WORK INSTRUCTIONS: Which lines of the records contain the word "monoid"? Show each of them.

○ ○ ○ ○ ○

lemma trunc_bar: "T \<subseteq> L \<Longrightarrow> trunc T (bar L L v) = trunc T (bar L T v)"
  unfolding trunc_def bar_def by (auto intro!: ext)

lemma trunc_mult_one: "h \<in> carrier H \<Longrightarrow> trunc T h \<otimes>\<^bsub>H\<^esub> \<one>\<^bsub>H\<^esub> = trunc T h"
proof (rule ext)
  fix y assume h: "h \<in> carrier H"
  show "(trunc T h \<otimes>\<^bsub>H\<^esub> \<one>\<^bsub>H\<^esub>) y = trunc T h y"
  proof (cases "y \<in> L")
    case True
    then have hy: "h y \<in> smaps (faces L y) carriers d s"
      using h unfolding carrier_GL prodE_def by auto
    then show ?thesis using True group_G
      unfolding mult_GL trunc_def one_GL smaps_def by (auto intro!: ext simp: group.is_monoid monoid.r_one)
  next
    case False
    then show ?thesis using h unfolding mult_GL trunc_def one_GL carrier_GL prodE_def by auto
  qed
qed

lemma trunc_insert:
  assumes h: "h \<in> carrier H" and y: "y \<notin> T"
  shows "trunc T h \<otimes>\<^bsub>H\<^esub> trunc {y} h = trunc (insert y T) h"
proof (rule ext)
  fix z
  show "(trunc T h \<otimes>\<^bsub>H\<^esub> trunc {y} h) z = trunc (insert y T) h z"
  proof (cases "z \<in> L")
    case True
    then have hz: "h z \<in> smaps (faces L z) carriers d s"
      using h unfolding carrier_GL prodE_def by auto
    then show ?thesis using True y group_G
      unfolding mult_GL trunc_def one_GL smaps_def
      by (auto intro!: ext simp: group.is_monoid monoid.r_one monoid.l_one monoid.one_closed)
  next
    case False
    then show ?thesis using h unfolding mult_GL trunc_def one_GL carrier_GL prodE_def by auto
  qed
qed

text \<open>\<open>aug_gen y h\<close> is \<open>[h_y] - [1]\<close> and \<open>aug_prod S h\<close> is the expansion of
  \<open>\<Prod>y \<in> S. ([h_y] - 1)\<close>, where \<open>h_T = trunc T h\<close> (see \<open>aug_prod_insert\<close>).\<close>

definition aug_gen :: "'v list \<Rightarrow> ('v list \<Rightarrow> nat \<Rightarrow> 'v list \<Rightarrow> 'g)
                       \<Rightarrow> (('v list \<Rightarrow> nat \<Rightarrow> 'v list \<Rightarrow> 'g) \<Rightarrow> int)" where
  "aug_gen y h = formal_sum UNIV (\<lambda>b. if b then 1 else -1) (\<lambda>b. if b then trunc {y} h else \<one>\<^bsub>H\<^esub>)"

definition aug_prod :: "'v list set \<Rightarrow> ('v list \<Rightarrow> nat \<Rightarrow> 'v list \<Rightarrow> 'g)
                        \<Rightarrow> (('v list \<Rightarrow> nat \<Rightarrow> 'v list \<Rightarrow> 'g) \<Rightarrow> int)" where
  "aug_prod S h = formal_sum (Pow S) (\<lambda>T. (-1) ^ (card S - card T)) (\<lambda>T. trunc T h)"

lemma aug_gen_in_aug: "h \<in> carrier H \<Longrightarrow> aug_gen y h \<in> aug H"
  unfolding aug_def aug_gen_def
  using trunc_in_carrier one_GL_in_carrier
  by (auto simp: sum_formal_sum_supp UNIV_bool intro!: formal_sum_in_free_ab)

lemma aug_prod_insert:
  assumes "finite S" "y \<notin> S" "h \<in> carrier H"
  shows "aug_prod (insert y S) h = gr_mult H (aug_prod S h) (aug_gen y h)"
proof -
  let ?ins = "\<lambda>(T, b). if b then insert y T else T"
  have "gr_mult H (aug_prod S h) (aug_gen y h) =
     formal_sum (Pow S \<times> UNIV) (\<lambda>(T, b). (-1) ^ (card S - card T) * (if b then 1 else -1))
       (\<lambda>(T, b). trunc T h \<otimes>\<^bsub>H\<^esub> (if b then trunc {y} h else \<one>\<^bsub>H\<^esub>))"
    unfolding aug_prod_def aug_gen_def using assms by (intro gr_mult_formal_sum) auto
  also have "\<dots> = aug_prod (insert y S) h"
    unfolding aug_prod_def
  proof (rule formal_sum_reindex)
    show "bij_betw ?ins (Pow S \<times> UNIV) (Pow (insert y S))"
      by (rule bij_betw_byWitness[where f' = "\<lambda>U. (U - {y}, y \<in> U)"])
        (use assms in \<open>auto split: if_splits\<close>)
  next
    fix i assume "i \<in> Pow S \<times> (UNIV :: bool set)"
    moreover obtain T b where i: "i = (T, b)" by fastforce
    ultimately have T: "T \<subseteq> S" "y \<notin> T" "card T \<le> card S"
      using assms by (auto intro: card_mono)
    show "(-1) ^ (card (insert y S) - card (?ins i)) =
        (\<lambda>(T, b). (-1) ^ (card S - card T) * (if b then 1 else -1 :: int)) i"
      using T assms finite_subset[OF T(1)] unfolding i by (auto simp: Suc_diff_le)
    show "trunc (?ins i) h = (\<lambda>(T, b). trunc T h \<otimes>\<^bsub>H\<^esub> (if b then trunc {y} h else \<one>\<^bsub>H\<^esub>)) i"
      using T assms unfolding i by (auto simp: trunc_insert trunc_mult_one)
  qed
  finally show ?thesis ..
qed

lemma aug_prod_in_aug_pow:
  assumes "finite S" "h \<in> carrier H" "n \<le> card S"
  shows "aug_prod S h \<in> aug_pow H n"
  using assms
proof (induction S arbitrary: n rule: finite_induct)
  case empty
  then show ?case
    unfolding aug_prod_def using trunc_in_carrier by (auto intro: formal_sum_in_free_ab)
next
  case (insert y S)
  show ?case
  proof (cases n)
    case 0
    then show ?thesis
      unfolding aug_prod_def using insert trunc_in_carrier by (auto intro: formal_sum_in_free_ab)
  next
    case (Suc m)
    have "aug_prod S h \<in> aug_pow H m" "aug_gen y h \<in> aug H"
      using Suc insert aug_gen_in_aug by auto
    then show ?thesis
      using Suc insert by (auto simp: aug_prod_insert intro!: zspan.gen)
  qed
qed

lemma sum_aug_prod:
  assumes "h \<in> carrier H"
  shows "(\<Sum>S\<in>Pow L. aug_prod S h g) = of_bool (h = g)"
proof -
  let ?f = "\<lambda>T. of_bool (trunc T h = g) :: int"
  let ?g = "\<lambda>S. (-1) ^ card S * aug_prod S h g"
  have alternating: "?g S = (\<Sum>T\<in>Pow S. (-1) ^ card T * ?f T)" if "finite S" for S
  proof -
    have "(-1) ^ card S * (-1) ^ (card S - card T) = ((-1) ^ card T :: int)" if "T \<subseteq> S" for T
    proof -
      obtain j where card: "card S = card T + j"
        using card_mono[OF \<open>finite S\<close> \<open>T \<subseteq> S\<close>] le_Suc_ex by blast
      have "(-1::int) ^ j * (-1) ^ j = 1" by (simp flip: power_add)
      then show ?thesis unfolding card by (simp add: power_add mult.assoc)
    qed
    then show ?thesis
      unfolding aug_prod_def formal_sum_def sum_distrib_left
      by (intro sum.cong refl) (simp add: mult.assoc[symmetric])
  qed
  have "?f L = (\<Sum>S\<in>Pow L. (-1) ^ card S * ?g S)"
    by (rule inclusion_exclusion_symmetric[where g = ?g]) (use alternating finite_L in auto)
  also have "\<dots> = (\<Sum>S\<in>Pow L. aug_prod S h g)"
    by (simp add: mult.assoc[symmetric] power_add[symmetric])
  finally show ?thesis using trunc_L[OF assms] by simp
qed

○ ○ ○ ○ ○

RESULT:
      unfolding mult_GL trunc_def one_GL smaps_def by (auto intro!: ext simp: group.is_monoid monoid.r_one)
      by (auto intro!: ext simp: group.is_monoid monoid.r_one monoid.l_one monoid.one_closed)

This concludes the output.